• _PROBLEM DESCRIPTION_
Please return only the lines from the one holding "nat) \<Rightarrow> ('f,'a)" through the one holding "r ts) = (\<Union>t\<in>set ts. params_t", exactly as they appear in the records below, both ends included.

RECORDS PROVIDED below:

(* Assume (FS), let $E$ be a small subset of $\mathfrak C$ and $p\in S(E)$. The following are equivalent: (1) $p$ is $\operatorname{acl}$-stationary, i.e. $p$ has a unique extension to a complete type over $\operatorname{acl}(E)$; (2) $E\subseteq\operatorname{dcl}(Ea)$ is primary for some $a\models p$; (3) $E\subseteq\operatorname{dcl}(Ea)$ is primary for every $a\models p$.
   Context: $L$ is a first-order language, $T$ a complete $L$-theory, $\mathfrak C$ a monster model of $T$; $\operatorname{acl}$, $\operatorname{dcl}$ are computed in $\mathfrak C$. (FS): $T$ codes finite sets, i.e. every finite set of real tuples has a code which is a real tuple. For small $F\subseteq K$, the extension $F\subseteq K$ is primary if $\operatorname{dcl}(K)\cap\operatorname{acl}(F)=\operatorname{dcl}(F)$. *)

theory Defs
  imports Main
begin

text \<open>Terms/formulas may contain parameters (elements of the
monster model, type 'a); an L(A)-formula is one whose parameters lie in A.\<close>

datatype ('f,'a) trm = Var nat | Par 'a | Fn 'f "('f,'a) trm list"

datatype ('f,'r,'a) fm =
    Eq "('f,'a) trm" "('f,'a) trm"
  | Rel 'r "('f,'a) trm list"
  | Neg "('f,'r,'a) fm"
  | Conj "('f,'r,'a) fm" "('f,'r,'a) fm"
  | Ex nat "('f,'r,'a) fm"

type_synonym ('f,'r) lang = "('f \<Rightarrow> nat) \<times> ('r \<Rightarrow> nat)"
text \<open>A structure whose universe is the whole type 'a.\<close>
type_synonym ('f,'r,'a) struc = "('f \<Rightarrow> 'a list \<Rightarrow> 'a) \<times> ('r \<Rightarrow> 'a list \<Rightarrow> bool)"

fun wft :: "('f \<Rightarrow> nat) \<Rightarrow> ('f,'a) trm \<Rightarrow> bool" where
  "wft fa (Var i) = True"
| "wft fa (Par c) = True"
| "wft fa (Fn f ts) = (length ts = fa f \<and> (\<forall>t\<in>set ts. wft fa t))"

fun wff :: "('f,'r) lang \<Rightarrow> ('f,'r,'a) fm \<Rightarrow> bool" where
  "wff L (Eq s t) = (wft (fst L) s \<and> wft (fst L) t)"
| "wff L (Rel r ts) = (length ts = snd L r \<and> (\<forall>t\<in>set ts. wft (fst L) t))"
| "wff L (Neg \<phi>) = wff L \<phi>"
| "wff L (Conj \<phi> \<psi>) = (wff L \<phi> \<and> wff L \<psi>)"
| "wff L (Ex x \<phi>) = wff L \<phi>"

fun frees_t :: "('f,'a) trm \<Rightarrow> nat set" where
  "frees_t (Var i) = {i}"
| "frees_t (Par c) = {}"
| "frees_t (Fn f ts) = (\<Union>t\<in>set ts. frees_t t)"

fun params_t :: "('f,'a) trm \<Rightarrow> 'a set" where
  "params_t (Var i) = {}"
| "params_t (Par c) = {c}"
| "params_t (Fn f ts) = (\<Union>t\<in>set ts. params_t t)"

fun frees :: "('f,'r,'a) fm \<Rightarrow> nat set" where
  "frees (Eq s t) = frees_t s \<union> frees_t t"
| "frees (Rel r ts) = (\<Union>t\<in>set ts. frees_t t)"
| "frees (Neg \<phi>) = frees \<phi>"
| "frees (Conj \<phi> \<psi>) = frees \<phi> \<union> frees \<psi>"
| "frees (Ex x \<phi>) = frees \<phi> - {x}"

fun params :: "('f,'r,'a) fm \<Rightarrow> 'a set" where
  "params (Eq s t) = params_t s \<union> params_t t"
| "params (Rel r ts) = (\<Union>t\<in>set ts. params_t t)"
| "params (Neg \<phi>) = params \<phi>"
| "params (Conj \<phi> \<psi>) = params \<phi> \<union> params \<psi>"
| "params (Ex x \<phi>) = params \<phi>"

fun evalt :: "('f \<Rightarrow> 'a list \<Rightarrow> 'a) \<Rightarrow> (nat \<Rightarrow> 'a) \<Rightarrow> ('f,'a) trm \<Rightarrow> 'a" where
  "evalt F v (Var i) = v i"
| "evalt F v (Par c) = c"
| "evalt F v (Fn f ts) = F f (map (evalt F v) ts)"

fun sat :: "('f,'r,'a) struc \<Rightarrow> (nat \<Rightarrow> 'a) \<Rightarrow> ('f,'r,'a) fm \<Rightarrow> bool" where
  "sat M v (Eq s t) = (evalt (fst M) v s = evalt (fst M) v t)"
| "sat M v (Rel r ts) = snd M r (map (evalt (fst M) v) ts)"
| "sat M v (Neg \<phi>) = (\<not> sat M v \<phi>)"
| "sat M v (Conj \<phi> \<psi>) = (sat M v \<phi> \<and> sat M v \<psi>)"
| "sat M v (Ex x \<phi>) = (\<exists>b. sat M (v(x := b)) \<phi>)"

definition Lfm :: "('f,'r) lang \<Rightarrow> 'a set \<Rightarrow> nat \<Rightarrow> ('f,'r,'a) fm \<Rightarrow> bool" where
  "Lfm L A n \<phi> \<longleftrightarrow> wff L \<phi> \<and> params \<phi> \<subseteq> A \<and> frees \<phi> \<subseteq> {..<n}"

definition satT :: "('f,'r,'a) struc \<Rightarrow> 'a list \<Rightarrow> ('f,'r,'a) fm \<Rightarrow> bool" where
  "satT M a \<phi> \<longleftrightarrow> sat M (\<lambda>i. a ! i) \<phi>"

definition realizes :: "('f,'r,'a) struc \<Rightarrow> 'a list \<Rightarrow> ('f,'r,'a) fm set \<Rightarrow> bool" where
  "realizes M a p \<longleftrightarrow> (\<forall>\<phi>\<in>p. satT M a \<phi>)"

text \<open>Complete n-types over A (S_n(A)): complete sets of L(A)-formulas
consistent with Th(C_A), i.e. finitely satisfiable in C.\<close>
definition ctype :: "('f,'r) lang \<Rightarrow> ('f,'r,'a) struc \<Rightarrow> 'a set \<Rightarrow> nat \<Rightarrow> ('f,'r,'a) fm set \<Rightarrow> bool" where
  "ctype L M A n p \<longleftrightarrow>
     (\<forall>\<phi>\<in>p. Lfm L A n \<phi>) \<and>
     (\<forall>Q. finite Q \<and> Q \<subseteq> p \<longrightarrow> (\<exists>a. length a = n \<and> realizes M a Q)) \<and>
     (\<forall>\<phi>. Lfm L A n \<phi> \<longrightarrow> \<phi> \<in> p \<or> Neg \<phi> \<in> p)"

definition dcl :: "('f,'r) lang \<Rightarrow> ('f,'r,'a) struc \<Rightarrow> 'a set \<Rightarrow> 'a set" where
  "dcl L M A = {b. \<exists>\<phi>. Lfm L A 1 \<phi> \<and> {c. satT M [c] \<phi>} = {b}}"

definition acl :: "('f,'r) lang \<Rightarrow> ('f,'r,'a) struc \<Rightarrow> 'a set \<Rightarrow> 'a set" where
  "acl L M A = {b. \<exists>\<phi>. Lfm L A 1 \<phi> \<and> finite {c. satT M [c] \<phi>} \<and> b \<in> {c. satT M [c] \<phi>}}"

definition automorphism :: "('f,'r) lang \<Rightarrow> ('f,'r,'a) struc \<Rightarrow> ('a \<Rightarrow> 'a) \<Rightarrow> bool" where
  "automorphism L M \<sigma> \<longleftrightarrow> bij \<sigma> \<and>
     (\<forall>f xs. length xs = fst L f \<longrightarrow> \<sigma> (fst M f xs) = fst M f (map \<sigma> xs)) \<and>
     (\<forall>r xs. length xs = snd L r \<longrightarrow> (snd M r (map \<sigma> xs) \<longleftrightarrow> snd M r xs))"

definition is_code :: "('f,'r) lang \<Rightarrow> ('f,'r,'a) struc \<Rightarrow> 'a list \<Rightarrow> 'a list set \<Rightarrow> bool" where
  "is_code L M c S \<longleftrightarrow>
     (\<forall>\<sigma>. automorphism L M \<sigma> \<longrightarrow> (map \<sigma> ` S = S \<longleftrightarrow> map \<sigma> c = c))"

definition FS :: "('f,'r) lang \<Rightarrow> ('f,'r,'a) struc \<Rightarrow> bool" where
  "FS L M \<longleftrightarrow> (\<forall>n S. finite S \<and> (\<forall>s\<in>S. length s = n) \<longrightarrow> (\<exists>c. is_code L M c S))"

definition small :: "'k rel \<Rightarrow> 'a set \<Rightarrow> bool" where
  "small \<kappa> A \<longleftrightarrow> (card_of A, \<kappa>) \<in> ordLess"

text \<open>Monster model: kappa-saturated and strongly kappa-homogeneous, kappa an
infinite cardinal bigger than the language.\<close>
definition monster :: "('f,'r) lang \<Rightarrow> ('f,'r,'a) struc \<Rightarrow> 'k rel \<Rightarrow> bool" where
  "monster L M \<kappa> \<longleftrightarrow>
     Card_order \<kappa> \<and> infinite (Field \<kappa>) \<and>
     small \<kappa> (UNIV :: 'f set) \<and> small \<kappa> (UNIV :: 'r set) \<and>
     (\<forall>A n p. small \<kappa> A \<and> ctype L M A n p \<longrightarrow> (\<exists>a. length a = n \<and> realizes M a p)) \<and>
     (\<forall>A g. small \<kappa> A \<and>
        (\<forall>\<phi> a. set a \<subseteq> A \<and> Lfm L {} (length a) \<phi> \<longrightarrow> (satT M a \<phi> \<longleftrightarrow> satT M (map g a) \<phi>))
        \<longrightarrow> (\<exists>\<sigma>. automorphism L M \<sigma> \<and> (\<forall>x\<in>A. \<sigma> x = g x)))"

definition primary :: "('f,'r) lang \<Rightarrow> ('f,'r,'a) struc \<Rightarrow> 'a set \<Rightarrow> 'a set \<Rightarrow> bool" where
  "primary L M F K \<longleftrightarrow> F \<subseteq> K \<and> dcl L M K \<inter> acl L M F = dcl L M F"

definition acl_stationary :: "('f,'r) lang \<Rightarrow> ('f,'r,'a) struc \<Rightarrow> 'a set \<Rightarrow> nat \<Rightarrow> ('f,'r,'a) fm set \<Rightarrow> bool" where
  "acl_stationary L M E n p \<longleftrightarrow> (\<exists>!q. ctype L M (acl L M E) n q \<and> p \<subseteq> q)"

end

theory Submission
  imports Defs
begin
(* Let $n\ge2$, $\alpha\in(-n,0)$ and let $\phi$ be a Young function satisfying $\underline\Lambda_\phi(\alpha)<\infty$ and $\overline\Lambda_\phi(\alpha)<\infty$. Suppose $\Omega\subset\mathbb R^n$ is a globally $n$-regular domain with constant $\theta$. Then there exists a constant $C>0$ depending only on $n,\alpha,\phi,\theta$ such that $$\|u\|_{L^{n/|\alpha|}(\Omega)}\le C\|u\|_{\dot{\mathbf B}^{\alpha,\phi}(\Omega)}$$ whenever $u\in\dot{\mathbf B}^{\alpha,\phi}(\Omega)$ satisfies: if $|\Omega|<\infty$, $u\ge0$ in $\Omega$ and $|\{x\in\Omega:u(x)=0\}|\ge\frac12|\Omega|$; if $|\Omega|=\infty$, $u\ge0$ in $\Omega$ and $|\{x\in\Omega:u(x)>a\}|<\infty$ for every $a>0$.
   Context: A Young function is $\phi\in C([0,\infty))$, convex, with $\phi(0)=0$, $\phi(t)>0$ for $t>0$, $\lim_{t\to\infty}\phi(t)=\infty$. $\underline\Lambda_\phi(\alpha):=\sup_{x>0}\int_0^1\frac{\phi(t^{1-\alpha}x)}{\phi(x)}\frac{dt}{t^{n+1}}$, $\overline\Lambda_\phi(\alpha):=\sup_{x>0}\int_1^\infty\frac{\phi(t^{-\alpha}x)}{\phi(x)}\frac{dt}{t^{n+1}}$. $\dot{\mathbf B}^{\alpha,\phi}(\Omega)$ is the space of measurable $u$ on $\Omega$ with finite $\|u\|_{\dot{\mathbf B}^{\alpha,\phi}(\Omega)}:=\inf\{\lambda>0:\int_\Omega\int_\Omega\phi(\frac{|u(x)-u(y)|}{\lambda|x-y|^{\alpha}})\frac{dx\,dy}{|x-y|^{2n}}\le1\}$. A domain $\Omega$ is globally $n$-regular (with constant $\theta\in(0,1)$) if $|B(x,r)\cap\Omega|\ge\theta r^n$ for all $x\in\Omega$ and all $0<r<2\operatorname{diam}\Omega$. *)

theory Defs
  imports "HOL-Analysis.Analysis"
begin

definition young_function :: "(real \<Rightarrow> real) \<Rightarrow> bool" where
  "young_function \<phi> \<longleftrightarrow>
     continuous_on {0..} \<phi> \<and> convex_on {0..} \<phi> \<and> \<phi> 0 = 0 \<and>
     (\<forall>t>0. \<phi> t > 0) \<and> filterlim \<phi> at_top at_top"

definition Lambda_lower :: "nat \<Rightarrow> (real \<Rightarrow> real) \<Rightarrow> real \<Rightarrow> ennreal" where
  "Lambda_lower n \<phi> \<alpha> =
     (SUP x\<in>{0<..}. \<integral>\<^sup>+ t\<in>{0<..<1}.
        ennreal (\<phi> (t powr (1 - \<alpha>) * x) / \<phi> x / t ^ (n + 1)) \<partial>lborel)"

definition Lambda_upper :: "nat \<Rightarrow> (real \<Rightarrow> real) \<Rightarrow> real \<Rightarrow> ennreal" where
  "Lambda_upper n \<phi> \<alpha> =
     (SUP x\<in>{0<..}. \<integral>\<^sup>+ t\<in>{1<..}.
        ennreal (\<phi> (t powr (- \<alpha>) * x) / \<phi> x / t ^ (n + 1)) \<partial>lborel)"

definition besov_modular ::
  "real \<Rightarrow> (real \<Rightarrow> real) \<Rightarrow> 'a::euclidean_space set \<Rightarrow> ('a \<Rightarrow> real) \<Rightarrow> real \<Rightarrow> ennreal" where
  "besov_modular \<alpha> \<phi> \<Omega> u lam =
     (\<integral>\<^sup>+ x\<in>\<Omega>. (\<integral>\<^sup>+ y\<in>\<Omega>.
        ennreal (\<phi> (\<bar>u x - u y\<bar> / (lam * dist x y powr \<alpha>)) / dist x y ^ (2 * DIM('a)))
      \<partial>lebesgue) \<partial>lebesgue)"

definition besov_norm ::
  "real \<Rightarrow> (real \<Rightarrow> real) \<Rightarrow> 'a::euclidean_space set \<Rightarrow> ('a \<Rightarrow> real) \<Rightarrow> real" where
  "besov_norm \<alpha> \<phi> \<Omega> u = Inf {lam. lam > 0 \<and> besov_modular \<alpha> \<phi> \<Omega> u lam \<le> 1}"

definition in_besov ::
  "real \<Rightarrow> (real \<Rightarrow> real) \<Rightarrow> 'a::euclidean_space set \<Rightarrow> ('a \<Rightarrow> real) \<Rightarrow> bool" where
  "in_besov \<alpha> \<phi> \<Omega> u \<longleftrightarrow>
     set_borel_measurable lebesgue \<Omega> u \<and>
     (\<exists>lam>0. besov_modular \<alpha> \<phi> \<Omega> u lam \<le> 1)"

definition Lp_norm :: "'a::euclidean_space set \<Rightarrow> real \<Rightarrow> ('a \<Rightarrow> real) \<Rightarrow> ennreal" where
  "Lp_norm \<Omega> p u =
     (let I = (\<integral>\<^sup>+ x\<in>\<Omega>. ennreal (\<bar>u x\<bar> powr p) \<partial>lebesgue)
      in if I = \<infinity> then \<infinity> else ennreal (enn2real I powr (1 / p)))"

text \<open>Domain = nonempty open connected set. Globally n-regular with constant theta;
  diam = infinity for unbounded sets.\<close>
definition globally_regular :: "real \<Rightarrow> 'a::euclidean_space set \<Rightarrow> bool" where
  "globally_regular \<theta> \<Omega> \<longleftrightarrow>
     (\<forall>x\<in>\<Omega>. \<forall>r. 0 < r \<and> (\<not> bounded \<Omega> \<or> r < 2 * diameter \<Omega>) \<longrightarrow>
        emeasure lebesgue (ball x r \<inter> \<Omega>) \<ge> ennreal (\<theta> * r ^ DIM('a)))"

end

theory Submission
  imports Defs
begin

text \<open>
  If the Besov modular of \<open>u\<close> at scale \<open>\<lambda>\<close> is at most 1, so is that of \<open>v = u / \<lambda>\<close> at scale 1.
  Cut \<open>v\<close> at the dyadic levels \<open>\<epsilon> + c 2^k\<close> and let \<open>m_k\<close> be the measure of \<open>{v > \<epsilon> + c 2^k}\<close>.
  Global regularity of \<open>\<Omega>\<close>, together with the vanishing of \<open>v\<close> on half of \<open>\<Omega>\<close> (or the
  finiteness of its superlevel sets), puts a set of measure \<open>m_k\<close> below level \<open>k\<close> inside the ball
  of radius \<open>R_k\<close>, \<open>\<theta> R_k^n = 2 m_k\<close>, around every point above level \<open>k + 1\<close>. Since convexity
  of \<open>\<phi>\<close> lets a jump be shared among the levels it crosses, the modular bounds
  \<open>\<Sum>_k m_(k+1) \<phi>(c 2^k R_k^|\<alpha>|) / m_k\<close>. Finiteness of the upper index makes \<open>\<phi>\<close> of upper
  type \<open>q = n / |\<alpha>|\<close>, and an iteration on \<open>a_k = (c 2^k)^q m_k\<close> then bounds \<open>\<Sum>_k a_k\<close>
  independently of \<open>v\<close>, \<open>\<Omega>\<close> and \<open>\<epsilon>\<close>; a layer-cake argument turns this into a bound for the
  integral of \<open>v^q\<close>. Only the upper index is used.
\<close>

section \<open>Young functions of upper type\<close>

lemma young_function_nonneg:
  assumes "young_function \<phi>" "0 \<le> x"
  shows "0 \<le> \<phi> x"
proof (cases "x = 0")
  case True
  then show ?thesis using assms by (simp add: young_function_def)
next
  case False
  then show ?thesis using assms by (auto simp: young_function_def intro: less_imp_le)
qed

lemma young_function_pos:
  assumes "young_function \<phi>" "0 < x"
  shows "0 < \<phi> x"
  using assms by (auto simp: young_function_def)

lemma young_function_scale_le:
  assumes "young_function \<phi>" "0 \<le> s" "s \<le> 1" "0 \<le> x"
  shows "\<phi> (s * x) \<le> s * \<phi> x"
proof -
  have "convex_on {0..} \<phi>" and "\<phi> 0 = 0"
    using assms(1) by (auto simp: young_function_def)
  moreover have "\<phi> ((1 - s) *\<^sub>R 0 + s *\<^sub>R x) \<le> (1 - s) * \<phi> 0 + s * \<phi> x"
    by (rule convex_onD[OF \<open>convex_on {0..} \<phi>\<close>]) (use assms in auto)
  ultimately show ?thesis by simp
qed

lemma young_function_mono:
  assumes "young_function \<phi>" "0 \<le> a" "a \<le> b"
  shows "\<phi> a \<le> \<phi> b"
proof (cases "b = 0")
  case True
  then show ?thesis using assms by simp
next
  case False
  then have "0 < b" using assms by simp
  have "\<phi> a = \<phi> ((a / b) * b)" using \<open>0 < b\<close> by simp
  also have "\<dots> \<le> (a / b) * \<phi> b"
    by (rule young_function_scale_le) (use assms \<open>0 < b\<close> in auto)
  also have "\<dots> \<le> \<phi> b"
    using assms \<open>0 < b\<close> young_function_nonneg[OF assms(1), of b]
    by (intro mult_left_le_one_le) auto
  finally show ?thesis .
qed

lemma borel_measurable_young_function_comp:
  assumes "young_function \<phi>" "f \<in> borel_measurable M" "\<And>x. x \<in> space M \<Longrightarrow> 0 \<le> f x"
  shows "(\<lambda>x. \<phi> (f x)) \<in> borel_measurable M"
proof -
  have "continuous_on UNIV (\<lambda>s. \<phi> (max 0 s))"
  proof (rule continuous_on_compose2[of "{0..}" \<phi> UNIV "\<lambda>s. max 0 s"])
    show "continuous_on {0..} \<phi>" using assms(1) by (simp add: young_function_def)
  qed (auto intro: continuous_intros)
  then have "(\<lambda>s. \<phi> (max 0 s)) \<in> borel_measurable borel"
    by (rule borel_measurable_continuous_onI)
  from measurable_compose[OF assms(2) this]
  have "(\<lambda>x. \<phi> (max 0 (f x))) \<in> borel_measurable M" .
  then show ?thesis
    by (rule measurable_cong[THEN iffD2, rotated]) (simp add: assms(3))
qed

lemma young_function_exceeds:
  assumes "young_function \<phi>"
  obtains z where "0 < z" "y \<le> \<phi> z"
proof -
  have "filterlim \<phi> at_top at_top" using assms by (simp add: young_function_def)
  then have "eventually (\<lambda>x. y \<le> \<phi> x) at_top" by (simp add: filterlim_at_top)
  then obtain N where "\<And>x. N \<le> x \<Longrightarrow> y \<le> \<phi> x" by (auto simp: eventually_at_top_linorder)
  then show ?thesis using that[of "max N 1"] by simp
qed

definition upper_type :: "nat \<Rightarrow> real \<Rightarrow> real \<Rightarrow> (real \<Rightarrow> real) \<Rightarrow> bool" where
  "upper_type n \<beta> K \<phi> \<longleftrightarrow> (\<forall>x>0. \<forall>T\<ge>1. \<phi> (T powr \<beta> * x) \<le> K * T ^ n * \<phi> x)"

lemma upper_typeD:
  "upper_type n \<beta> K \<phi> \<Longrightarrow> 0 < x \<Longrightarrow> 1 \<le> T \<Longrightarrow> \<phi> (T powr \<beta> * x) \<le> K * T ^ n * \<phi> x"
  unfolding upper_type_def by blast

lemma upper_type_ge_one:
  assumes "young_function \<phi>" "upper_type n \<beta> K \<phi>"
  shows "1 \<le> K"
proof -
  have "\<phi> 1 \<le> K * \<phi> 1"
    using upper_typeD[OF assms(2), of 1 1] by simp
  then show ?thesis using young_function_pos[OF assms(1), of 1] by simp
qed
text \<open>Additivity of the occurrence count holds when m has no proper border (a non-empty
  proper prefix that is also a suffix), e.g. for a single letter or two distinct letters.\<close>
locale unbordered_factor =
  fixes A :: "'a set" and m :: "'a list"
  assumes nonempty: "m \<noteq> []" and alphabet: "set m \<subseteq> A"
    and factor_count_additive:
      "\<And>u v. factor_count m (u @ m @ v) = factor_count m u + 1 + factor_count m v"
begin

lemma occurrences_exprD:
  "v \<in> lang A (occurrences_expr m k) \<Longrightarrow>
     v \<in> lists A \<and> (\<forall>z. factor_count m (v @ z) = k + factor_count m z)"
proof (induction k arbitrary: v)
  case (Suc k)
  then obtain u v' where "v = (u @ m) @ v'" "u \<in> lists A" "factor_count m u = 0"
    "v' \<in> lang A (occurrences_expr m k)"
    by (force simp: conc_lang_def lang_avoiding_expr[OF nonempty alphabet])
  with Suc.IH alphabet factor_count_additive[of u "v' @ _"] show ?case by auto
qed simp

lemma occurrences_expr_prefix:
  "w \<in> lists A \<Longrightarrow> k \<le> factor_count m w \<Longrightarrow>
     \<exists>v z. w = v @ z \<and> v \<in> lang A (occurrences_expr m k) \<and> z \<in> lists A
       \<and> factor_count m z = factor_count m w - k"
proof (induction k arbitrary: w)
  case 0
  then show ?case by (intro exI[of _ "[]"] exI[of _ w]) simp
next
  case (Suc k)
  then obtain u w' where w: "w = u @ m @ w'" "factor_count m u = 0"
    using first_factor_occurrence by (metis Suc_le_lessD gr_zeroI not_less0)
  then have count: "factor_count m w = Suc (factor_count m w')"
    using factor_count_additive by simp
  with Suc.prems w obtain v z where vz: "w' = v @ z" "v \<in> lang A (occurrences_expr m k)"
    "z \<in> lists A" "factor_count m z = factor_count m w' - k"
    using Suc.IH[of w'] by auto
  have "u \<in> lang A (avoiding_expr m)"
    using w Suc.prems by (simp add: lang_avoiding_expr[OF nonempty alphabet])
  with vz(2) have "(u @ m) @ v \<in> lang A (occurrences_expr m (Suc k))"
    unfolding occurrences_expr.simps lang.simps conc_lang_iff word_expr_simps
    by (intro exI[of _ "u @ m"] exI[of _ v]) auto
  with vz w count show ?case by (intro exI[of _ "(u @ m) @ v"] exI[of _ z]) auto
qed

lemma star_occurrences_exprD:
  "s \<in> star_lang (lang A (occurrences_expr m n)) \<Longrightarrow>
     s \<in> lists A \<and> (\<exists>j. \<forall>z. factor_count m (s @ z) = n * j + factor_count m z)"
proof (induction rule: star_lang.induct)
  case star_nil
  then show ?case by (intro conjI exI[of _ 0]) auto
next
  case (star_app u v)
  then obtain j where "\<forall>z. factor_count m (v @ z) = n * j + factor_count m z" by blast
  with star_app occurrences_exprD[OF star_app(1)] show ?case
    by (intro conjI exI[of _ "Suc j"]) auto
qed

End of RECORDS PROVIDED.

• _EXERCISE SOLUTION_
fun wft :: "('f \<Rightarrow> nat) \<Rightarrow> ('f,'a) trm \<Rightarrow> bool" where
  "wft fa (Var i) = True"
| "wft fa (Par c) = True"
| "wft fa (Fn f ts) = (length ts = fa f \<and> (\<forall>t\<in>set ts. wft fa t))"

fun wff :: "('f,'r) lang \<Rightarrow> ('f,'r,'a) fm \<Rightarrow> bool" where
  "wff L (Eq s t) = (wft (fst L) s \<and> wft (fst L) t)"
| "wff L (Rel r ts) = (length ts = snd L r \<and> (\<forall>t\<in>set ts. wft (fst L) t))"
| "wff L (Neg \<phi>) = wff L \<phi>"
| "wff L (Conj \<phi> \<psi>) = (wff L \<phi> \<and> wff L \<psi>)"
| "wff L (Ex x \<phi>) = wff L \<phi>"

fun frees_t :: "('f,'a) trm \<Rightarrow> nat set" where
  "frees_t (Var i) = {i}"
| "frees_t (Par c) = {}"
| "frees_t (Fn f ts) = (\<Union>t\<in>set ts. frees_t t)"

fun params_t :: "('f,'a) trm \<Rightarrow> 'a set" where
  "params_t (Var i) = {}"
| "params_t (Par c) = {c}"
| "params_t (Fn f ts) = (\<Union>t\<in>set ts. params_t t)"

fun frees :: "('f,'r,'a) fm \<Rightarrow> nat set" where
  "frees (Eq s t) = frees_t s \<union> frees_t t"
| "frees (Rel r ts) = (\<Union>t\<in>set ts. frees_t t)"
| "frees (Neg \<phi>) = frees \<phi>"
| "frees (Conj \<phi> \<psi>) = frees \<phi> \<union> frees \<psi>"
| "frees (Ex x \<phi>) = frees \<phi> - {x}"

fun params :: "('f,'r,'a) fm \<Rightarrow> 'a set" where
  "params (Eq s t) = params_t s \<union> params_t t"
| "params (Rel r ts) = (\<Union>t\<in>set ts. params_t t)"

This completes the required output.